— Вначале она с Юркой Потехиным начала крутить, потом ко мне подъезжала с этим Бальмонтом и прочими парижскими выступлениями в перьях. Но у меня жена и Сашка — семья, которая мне очень дорога. Меня ахами да вздохами не пробьешь. А тут ты подвернулся. Влюбчивый такой — сразу жениться! Будь счастлив, если выйдет, но знай: ко мне в дом с новой женой не приходи.
Михаил побагровел, голос перешел на крик:
— Найдется, к кому нам ходить! На гениальном писателе Слезкине свет клином не сошелся.
С тех пор в отношениях Булгакова с Юрием Слезкиным была поставлена точка.
Глава третья. Голубятня
Жизнь «на Голубятне» во флигельке во дворе № 9 по Обухову (ныне Чистому) переулку. Здесь написаны «Дни Турбиных», фантастическая повесть «Роковые яйца», «Собачье сердце», «Дьяволиада», комедии «Зойкина квартира», «Багровый остров», репортажи, рассказы, фельетоны. Обыск, изъятие дневников и «Собачьего сердца»

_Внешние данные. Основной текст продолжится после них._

lemma correction_error_commute_stab_gen:
  assumes Es: "length Es = n" and E: "length E = n" and j: "j < n - k"
    and syndrome: "syndrome n k U (pauli_mat n Es) = syndrome n k U (pauli_mat n E)"
  shows "(pauli_mat n Es * pauli_mat n E) * stab_gen n k U j = stab_gen n k U j * (pauli_mat n Es * pauli_mat n E)"
proof -
  let ?g = "stab_gen n k U j" and ?E = "pauli_mat n E" and ?Es = "pauli_mat n Es"
  define \<sigma> :: complex where "\<sigma> = (if syndrome n k U ?E ! j then -1 else 1)"
  have Es_g: "?Es * ?g = \<sigma> \<cdot>\<^sub>m (?g * ?Es)" using pauli_mat_mult_stab_gen[OF Es j] syndrome \<sigma>_def by simp
  have E_g: "?E * ?g = \<sigma> \<cdot>\<^sub>m (?g * ?E)" using pauli_mat_mult_stab_gen[OF E j] \<sigma>_def by simp
  have "(?Es * ?E) * ?g = ?Es * (?E * ?g)" by (simp add: assoc_mult_mat_n)
  also have "\<dots> = \<sigma> \<cdot>\<^sub>m ((?Es * ?g) * ?E)" unfolding E_g by (simp add: mult_smult_distrib_n assoc_mult_mat_n)
  also have "\<dots> = (\<sigma> * \<sigma>) \<cdot>\<^sub>m (?g * (?Es * ?E))"
    unfolding Es_g by (simp add: mult_smult_assoc_mat_n assoc_mult_mat_n smult_smult_mat)
  also have "\<sigma> * \<sigma> = 1" by (simp add: \<sigma>_def)
  finally show ?thesis by simp
qed

lemma ancilla_I_or_Z_if_commute_stab_gens:
  assumes P: "length P = n" and cY: "cY \<noteq> 0"
    and N: "N \<in> carrier_mat (2^n) (2^n)" "mat_adjoint U * N * U = cY \<cdot>\<^sub>m pauli_mat n P"
    and comm: "\<forall>j<n-k. N * stab_gen n k U j = stab_gen n k U j * N"
  shows "\<forall>j<n-k. P!(k+j) = PI \<or> P!(k+j) = PZ"
proof (intro allI impI)
  fix j assume j: "j < n - k"
  let ?g = "stab_gen n k U j" and ?Z = "pauli_mat n (Z_string n (k+j))"
  have gZ: "mat_adjoint U * ?g * U = ?Z" using conj_inverse(1) by (simp add: stab_gen_eq)
  have "(mat_adjoint U * N * U) * ?Z = mat_adjoint U * (N * ?g) * U"
    unfolding gZ[symmetric] using N(1) by (simp add: conj_mult)
  also have "\<dots> = ?Z * (mat_adjoint U * N * U)"
    unfolding gZ[symmetric] using N(1) comm j by (simp add: conj_mult)
  finally have "cY \<cdot>\<^sub>m (pauli_mat n P * ?Z) = cY \<cdot>\<^sub>m (?Z * pauli_mat n P)"
    unfolding N(2) by (simp add: mult_smult_assoc_mat_n mult_smult_distrib_n)
  then have "pauli_mat n P * ?Z = ?Z * pauli_mat n P" by (rule smult_mat_cancel[OF cY])
  then show "P!(k+j) = PI \<or> P!(k+j) = PZ"
    using pauli_mat_commute_Z_on[OF P] j k_le_n by (simp add: Z_on_eq_pauli_mat)
qed

lemma adjoint_conj_correction_error:
  assumes Es: "length Es = n" and E: "length E = n"
    and syndrome: "syndrome n k U (pauli_mat n Es) = syndrome n k U (pauli_mat n E)"
  obtains c P where "length P = n" "cmod c = 1" "\<forall>j<n-k. P!(k+j) = PI \<or> P!(k+j) = PZ"
    and "mat_adjoint U * (pauli_mat n Es * pauli_mat n E) * U = c \<cdot>\<^sub>m pauli_mat n P"
proof -
  have "length (pauli_string_mult Es E) = n" using Es by simp
  then obtain c P where P: "length P = n" "c * c = 1"
    "mat_adjoint U * pauli_mat n (pauli_string_mult Es E) * U = c \<cdot>\<^sub>m pauli_mat n P"
    by (rule adjoint_conj_pauli_mat)
  let ?c = "pauli_string_phase Es E * c"
  have conj: "mat_adjoint U * (pauli_mat n Es * pauli_mat n E) * U = ?c \<cdot>\<^sub>m pauli_mat n P"
    using P(3) by (simp add: pauli_mat_mult[OF Es E] conj_smult smult_smult_mat)
  have "(cmod c)^2 = 1" using P(2) by (metis norm_mult norm_one power2_eq_square)
  then have "cmod ?c = 1" using norm_ge_zero[of c] by (auto simp: norm_mult power2_eq_1_iff)
  moreover have "\<forall>j<n-k. P!(k+j) = PI \<or> P!(k+j) = PZ"
    using calculation conj correction_error_commute_stab_gen[OF Es E _ syndrome] P(1)
    by (intro ancilla_I_or_Z_if_commute_stab_gens[of P ?c "pauli_mat n Es * pauli_mat n E"]) auto
  ultimately show ?thesis using that P(1) conj by blast
qed
lemma dx_l1_embedding:
  assumes "\<omega> \<noteq> 0" "1/2 < s2" "3 * s2 / (2 * s2 - 1) < s1"
  obtains C where "0 \<le> C"
    "\<And>F v. finite F \<Longrightarrow> (\<Sum>k\<in>F. \<bar>wdot \<omega> k\<bar> * cmod (v k))
                         \<le> C * sqrt (\<Sum>k\<in>F. hweight \<omega> s1 s2 k * (cmod (v k))\<^sup>2)"
proof -
  obtain D where D: "\<And>F. finite F \<Longrightarrow> (\<Sum>k\<in>F. (wdot \<omega> k)\<^sup>2 / hweight \<omega> s1 s2 k) \<le> D"
    using bounded_sums_wdot_sq_div_hweight[OF assms] by blast
  show ?thesis
  proof
    show "0 \<le> sqrt (max D 0)" by simp
    fix F :: "(int \<times> int) set" and v :: "int \<times> int \<Rightarrow> complex" assume F: "finite F"
    have "(\<Sum>k\<in>F. \<bar>wdot \<omega> k\<bar> * cmod (v k))
          \<le> sqrt (\<Sum>k\<in>F. (wdot \<omega> k)\<^sup>2 / hweight \<omega> s1 s2 k) * sqrt (\<Sum>k\<in>F. hweight \<omega> s1 s2 k * (cmod (v k))\<^sup>2)"
      using sum_abs_mult_le_weighted_L2[of F "hweight \<omega> s1 s2" "wdot \<omega>" "\<lambda>k. cmod (v k)"] hweight_pos
      by simp
    also have "\<dots> \<le> sqrt (max D 0) * sqrt (\<Sum>k\<in>F. hweight \<omega> s1 s2 k * (cmod (v k))\<^sup>2)"
      using D[OF F] by (intro mult_right_mono)
        (auto intro!: sum_nonneg mult_nonneg_nonneg hweight_nonneg)
    finally show "(\<Sum>k\<in>F. \<bar>wdot \<omega> k\<bar> * cmod (v k))
                  \<le> sqrt (max D 0) * sqrt (\<Sum>k\<in>F. hweight \<omega> s1 s2 k * (cmod (v k))\<^sup>2)" .
  qed
qed

section \<open>Differential inequalities\<close>

lemma has_real_derivative_nonneg_imp_le:
  fixes g g' :: "real \<Rightarrow> real"
  assumes T: "0 \<le> T"
    and g: "\<And>t. t \<in> {0..T} \<Longrightarrow> (g has_real_derivative g' t) (at t within {0..})"
    and g': "\<And>t. t \<in> {0..T} \<Longrightarrow> 0 \<le> g' t"
  shows "g 0 \<le> g T"
proof (rule DERIV_nonneg_imp_increasing_open[OF T])
  fix t assume t: "0 < t" "t < T"
  then have "at t within {0..} = at t"
    by (intro at_within_interior) simp
  then show "\<exists>y. DERIV g t :> y \<and> 0 \<le> y"
    using g[of t] g'[of t] t by auto
next
  show "continuous_on {0..T} g"
    unfolding continuous_on_eq_continuous_within
  proof
    fix t assume "t \<in> {0..T}"
    then have "continuous (at t within {0..}) g"
      by (rule DERIV_continuous[OF g])
    then show "continuous (at t within {0..T}) g"
      by (rule continuous_within_subset) auto
  qed
qed
lemma mbm_kernel_diff_sq_le:
  fixes H :: "real \<Rightarrow> real" and h1 h2 s t u :: real
  assumes h: "0 < h1" "h2 < 1"
    and Ht: "h1 \<le> H t" "H t \<le> h2" and Hs: "h1 \<le> H s" "H s \<le> h2"
    and st: "0 \<le> s" "s < t"
  shows "(cmod (mbm_kernel H t u - mbm_kernel H s u))\<^sup>2
    \<le> 2 * time_majorant (t - s) (H t) \<bar>u\<bar>
      + 2 * (H t - H s)\<^sup>2 * hurst_majorant h1 h2 (max s 1) \<bar>u\<bar>"
proof (cases "u = 0")
  case True
  then show ?thesis
    by (simp add: mbm_kernel_def add_nonneg_nonneg time_majorant_nonneg hurst_majorant_nonneg)
next
  case False
  define X where "X = cmod (cis ((t - s) * u) - 1) * \<bar>u\<bar> powr (-(H t + 1/2))"
  define Y where "Y = cmod (cis (s * u) - 1) * \<bar>\<bar>u\<bar> powr (-(H t + 1/2)) - \<bar>u\<bar> powr (-(H s + 1/2))\<bar>"
  have "(cmod (mbm_kernel H t u - mbm_kernel H s u))\<^sup>2 \<le> (X + Y)\<^sup>2"
    using norm_mbm_kernel_diff_le[of H t u s] unfolding X_def Y_def
    by (intro power_mono) auto
  also have "\<dots> \<le> 2 * X\<^sup>2 + 2 * Y\<^sup>2"
    using zero_le_power2[of "X - Y"] by (simp add: power2_eq_square algebra_simps)
  finally have "(cmod (mbm_kernel H t u - mbm_kernel H s u))\<^sup>2 \<le> 2 * X\<^sup>2 + 2 * Y\<^sup>2" .
  moreover have "X\<^sup>2 \<le> time_majorant (t - s) (H t) \<bar>u\<bar>"
    unfolding X_def using st False by (intro increment_term_sq_le_time_majorant) auto
  moreover have "Y\<^sup>2 \<le> (H t - H s)\<^sup>2 * hurst_majorant h1 h2 (max s 1) \<bar>u\<bar>"
    unfolding Y_def using h Ht Hs st False by (intro hurst_term_sq_le_hurst_majorant) auto
  ultimately show ?thesis
    by linarith
qed

text \<open>Since g \<ge> 0, g |u| \<le> g u + g (-u), and reflection preserves Lebesgue measure.\<close>

lemma integral_lborel_le_of_radial_majorant:
  fixes f g :: "real \<Rightarrow> real"
  assumes [measurable]: "g \<in> borel_measurable borel"
    and g_nonneg: "\<And>x. 0 \<le> g x" and g_int: "(g has_integral W) UNIV"
    and f_le: "\<And>u. f u \<le> g \<bar>u\<bar>"
  shows "(\<integral>u. f u \<partial>lborel) \<le> 2 * W"
proof -
  have W: "0 \<le> W"
    using has_integral_nonneg[OF g_int] g_nonneg by auto
  have int_g: "(\<integral>\<^sup>+x. ennreal (g x) \<partial>lborel) = ennreal W"
    using nn_integral_has_integral_lborel[OF _ g_nonneg g_int] by simp
  have int_g_reflected: "(\<integral>\<^sup>+x. ennreal (g (- x)) \<partial>lborel) = ennreal W"
    using nn_integral_real_affine[of "\<lambda>x. ennreal (g x)" "-1" 0] int_g by simp
  have "(\<integral>\<^sup>+u. ennreal (f u) \<partial>lborel) \<le> (\<integral>\<^sup>+u. ennreal (g u) + ennreal (g (- u)) \<partial>lborel)"
  proof (intro nn_integral_mono)
    fix u
    have "f u \<le> g u + g (- u)"
      using f_le[of u] g_nonneg[of u] g_nonneg[of "- u"] by (cases "0 \<le> u") auto
    then show "ennreal (f u) \<le> ennreal (g u) + ennreal (g (- u))"
      using g_nonneg by (simp add: ennreal_plus[symmetric] ennreal_leI del: ennreal_plus)
  qed
  also have "\<dots> = ennreal (2 * W)"
    using W by (simp add: nn_integral_add int_g int_g_reflected ennreal_plus[symmetric] del: ennreal_plus)
  finally show ?thesis
    using W by (intro integral_real_bounded) auto
qed

definition time_const :: "real \<Rightarrow> real \<Rightarrow> real" where
  "time_const h1 h2 = 1/(2 - 2*h2) + 2/h1"

lemma time_const_pos: "0 < h1 \<Longrightarrow> h2 < 1 \<Longrightarrow> 0 < time_const h1 h2"
  unfolding time_const_def by (intro add_pos_pos) auto

lemma zfun_sq: "(zfun h2 s)\<^sup>2 = max s 1 powr (2*h2) * ((ln (max s 1))\<^sup>2 + 1)"
  by (simp add: zfun_def max_def power_mult_distrib powr_power)

lemma mbm_kernel_diff_integral_le:
  fixes H :: "real \<Rightarrow> real" and h1 h2 s t :: real
  assumes h: "0 < h1" "h1 < h2" "h2 < 1"
    and Ht: "h1 \<le> H t" "H t \<le> h2" and Hs: "h1 \<le> H s" "H s \<le> h2"
    and st: "0 \<le> s" "s \<le> t"
  shows "(\<integral>u. (cmod (mbm_kernel H t u - mbm_kernel H s u))\<^sup>2 \<partial>lborel)
    \<le> 4 * time_const h1 h2 * (t - s) powr (2 * H t)
      + 4 * hurst_const h1 h2 * (H t - H s)\<^sup>2 * (zfun h2 s)\<^sup>2"
proof (cases "s = t")
  case True
  then show ?thesis
    by simp
next
  case False
  with st have "s < t"
    by simp
  define S where "S = max s 1"
  have S: "1 \<le> S"
    by (simp add: S_def)
  define T where "T = (t - s) powr (2 * H t) * (1/(2 - 2 * H t) + 2 / H t)"
  define V where "V = (ln S)\<^sup>2 * S powr (2*h2) / (1 - h2) + 8 * S powr (2*h2) / (1 - h2)^3
      + 2 * (ln S)\<^sup>2 * S powr (2*h2) / h2 + 16 / h1^3"
  have "((\<lambda>r. 2 * time_majorant (t - s) (H t) r + 2 * (H t - H s)\<^sup>2 * hurst_majorant h1 h2 S r)
      has_integral 2 * T + 2 * (H t - H s)\<^sup>2 * V) UNIV"
    unfolding T_def V_def using h Ht S \<open>s < t\<close>
    by (intro has_integral_add has_integral_mult_right has_integral_time_majorant
        has_integral_hurst_majorant) auto
  then have "(\<integral>u. (cmod (mbm_kernel H t u - mbm_kernel H s u))\<^sup>2 \<partial>lborel)
      \<le> 2 * (2 * T + 2 * (H t - H s)\<^sup>2 * V)"
    using mbm_kernel_diff_sq_le[OF h(1,3) Ht Hs st(1) \<open>s < t\<close>] unfolding S_def
    by (intro integral_lborel_le_of_radial_majorant)
      (auto intro!: add_nonneg_nonneg mult_nonneg_nonneg time_majorant_nonneg hurst_majorant_nonneg)
  also have "\<dots> \<le> 4 * time_const h1 h2 * (t - s) powr (2 * H t)
      + 4 * hurst_const h1 h2 * (H t - H s)\<^sup>2 * (zfun h2 s)\<^sup>2"
  proof -
    have "1/(2 - 2 * H t) + 2 / H t \<le> time_const h1 h2"
      unfolding time_const_def using h Ht by (intro add_mono divide_left_mono mult_pos_pos) auto
    then have T_le: "T \<le> time_const h1 h2 * (t - s) powr (2 * H t)"
      unfolding T_def by (subst mult.commute) (intro mult_left_mono, auto)
    have "V \<le> hurst_const h1 h2 * (zfun h2 s)\<^sup>2"
      unfolding V_def zfun_sq S_def[symmetric] using h S by (intro hurst_majorant_integral_le) auto
    then have "(H t - H s)\<^sup>2 * V \<le> (H t - H s)\<^sup>2 * (hurst_const h1 h2 * (zfun h2 s)\<^sup>2)"
      by (rule mult_left_mono) simp
    also have "\<dots> = hurst_const h1 h2 * (H t - H s)\<^sup>2 * (zfun h2 s)\<^sup>2"
      by (simp add: algebra_simps)
    finally have V_le: "(H t - H s)\<^sup>2 * V \<le> hurst_const h1 h2 * (H t - H s)\<^sup>2 * (zfun h2 s)\<^sup>2" .
    show ?thesis
      using add_mono[OF mult_left_mono[OF T_le] mult_left_mono[OF V_le], of 4 4]
      by (simp add: algebra_simps)
  qed
  finally show ?thesis .
qed

theorem lemma1:
  fixes M :: "'a measure" and Y :: "real \<Rightarrow> 'a \<Rightarrow> real"
    and H :: "real \<Rightarrow> real" and h1 h2 c :: real
  assumes "continuous_on {0..} H"
    and "0 < h1" "h1 < h2" "h2 < 1"
    and "\<And>t. t \<ge> 0 \<Longrightarrow> h1 \<le> H t \<and> H t \<le> h2"
    and "is_harmonizable_mbm M Y H c"
  shows "\<exists>K2>0. \<forall>t s. 0 \<le> s \<longrightarrow> s \<le> t \<longrightarrow>
           (\<integral>\<omega>. (Y t \<omega> - Y s \<omega>)\<^sup>2 \<partial>M)
             \<le> K2 * \<bar>t - s\<bar> powr (2 * H t) + K2 * (H t - H s)\<^sup>2 * (zfun h2 s)\<^sup>2"
proof -
  have h: "0 < h1" "h1 < h2" "h2 < 1"
    using assms(2-4) .
  have c: "0 < c" and E: "\<And>t s. 0 \<le> t \<Longrightarrow> 0 \<le> s \<Longrightarrow> (\<integral>\<omega>. (Y t \<omega> - Y s \<omega>)\<^sup>2 \<partial>M)
      = c * (\<integral>u. (cmod (mbm_kernel H t u - mbm_kernel H s u))\<^sup>2 \<partial>lborel)"
    using assms(6) unfolding is_harmonizable_mbm_def by auto
  define K where "K = 4 * c * (time_const h1 h2 + hurst_const h1 h2)"
  have C: "0 < time_const h1 h2" "0 < hurst_const h1 h2"
    using h by (auto intro: time_const_pos hurst_const_pos)
  have "(\<integral>\<omega>. (Y t \<omega> - Y s \<omega>)\<^sup>2 \<partial>M)
      \<le> K * \<bar>t - s\<bar> powr (2 * H t) + K * (H t - H s)\<^sup>2 * (zfun h2 s)\<^sup>2"
    if st: "0 \<le> s" "s \<le> t" for t s
  proof -
    have "(\<integral>\<omega>. (Y t \<omega> - Y s \<omega>)\<^sup>2 \<partial>M)
        \<le> c * (4 * time_const h1 h2 * (t - s) powr (2 * H t)
          + 4 * hurst_const h1 h2 * (H t - H s)\<^sup>2 * (zfun h2 s)\<^sup>2)"
      unfolding E[OF order_trans[OF st] st(1)] using c h st assms(5)[of t] assms(5)[of s]
      by (intro mult_left_mono mbm_kernel_diff_integral_le) auto
    also have "\<dots> = 4 * c * time_const h1 h2 * (t - s) powr (2 * H t)
        + 4 * c * hurst_const h1 h2 * ((H t - H s)\<^sup>2 * (zfun h2 s)\<^sup>2)"
      by (simp add: algebra_simps)
    also have "\<dots> \<le> K * (t - s) powr (2 * H t) + K * ((H t - H s)\<^sup>2 * (zfun h2 s)\<^sup>2)"
      unfolding K_def using c C by (intro add_mono mult_right_mono) auto
    also have "\<dots> = K * \<bar>t - s\<bar> powr (2 * H t) + K * (H t - H s)\<^sup>2 * (zfun h2 s)\<^sup>2"
      using st by (simp add: mult.assoc)
    finally show ?thesis .
  qed
  moreover have "0 < K"
    unfolding K_def using c C by simp
  ultimately show ?thesis
    by blast
qed

end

Зимой удалось, наконец, снять одну комнату в большой, перестроенной квартире «бывших», населенной живописными типами и новым полунищим людом.
В длинном коридоре на столах пыхтели керосинки, в комнате имелась печь, которую топил Михаил.
Жилище свое, многонаселенное, неспокойное, они прозвали Голубятней — все же второй этаж, и перенаселение явное, права птичьи.
Однажды на Голубятне появились двое — молодой и постарше. Оба оказались люди приличные, не прощелыги какие-то и не сыскари — сотрудники Вахтанговского театра. Тот, что постарше, в толстовке — режиссер Алексей Дмитриевич Попов оглядел скудную обстановку, прислушался.
Из коридора слышались трагические интонации нескончаемого диалога:
— Дурно спала всю ночь! Глаз не сомкнула: извольте радоваться — у меня опять серебряная ложка пропала! Разве при Государе Императоре нечто подобное могло случиться в приличном доме…
— Приличный дом! Публичный — какая разница! — гаркнул зычный голос. — А если ты, старая калоша, смеешь заявлять, что я твои поганые ложки тырю, то засунь их себе… Вон мою можешь еще железную зацапать — для такой крали не жалко! Подашь, когда императрица на чай заедет!
В коридоре что-то зазвенело, послышались рыдания.
— Возможно, нужна помощь? — двинулся к двери Попов.
— Лучше присаживайтесь, расскажите, с какой нуждой посетили наше скромное жилище.
— Славненько устроились. В самой гуще жизни. Тсс! — Он подкрался к двери в коридор, приоткрыл. Из комнаты бывшей фрейлины доносился громкий шепот — дамы изъяснялись по-французски:
— Эти постоянные инциденты со столовым серебром сведут меня с ума……императрица беспокоится о моем здоровье не напрасно…
— Любаня, укроти старушек. — Михаил закрыл дверь. — Говорю для их же пользы. Напялят шляпы из фрейлинского гардероба и полагают, что это шапка-невидимка.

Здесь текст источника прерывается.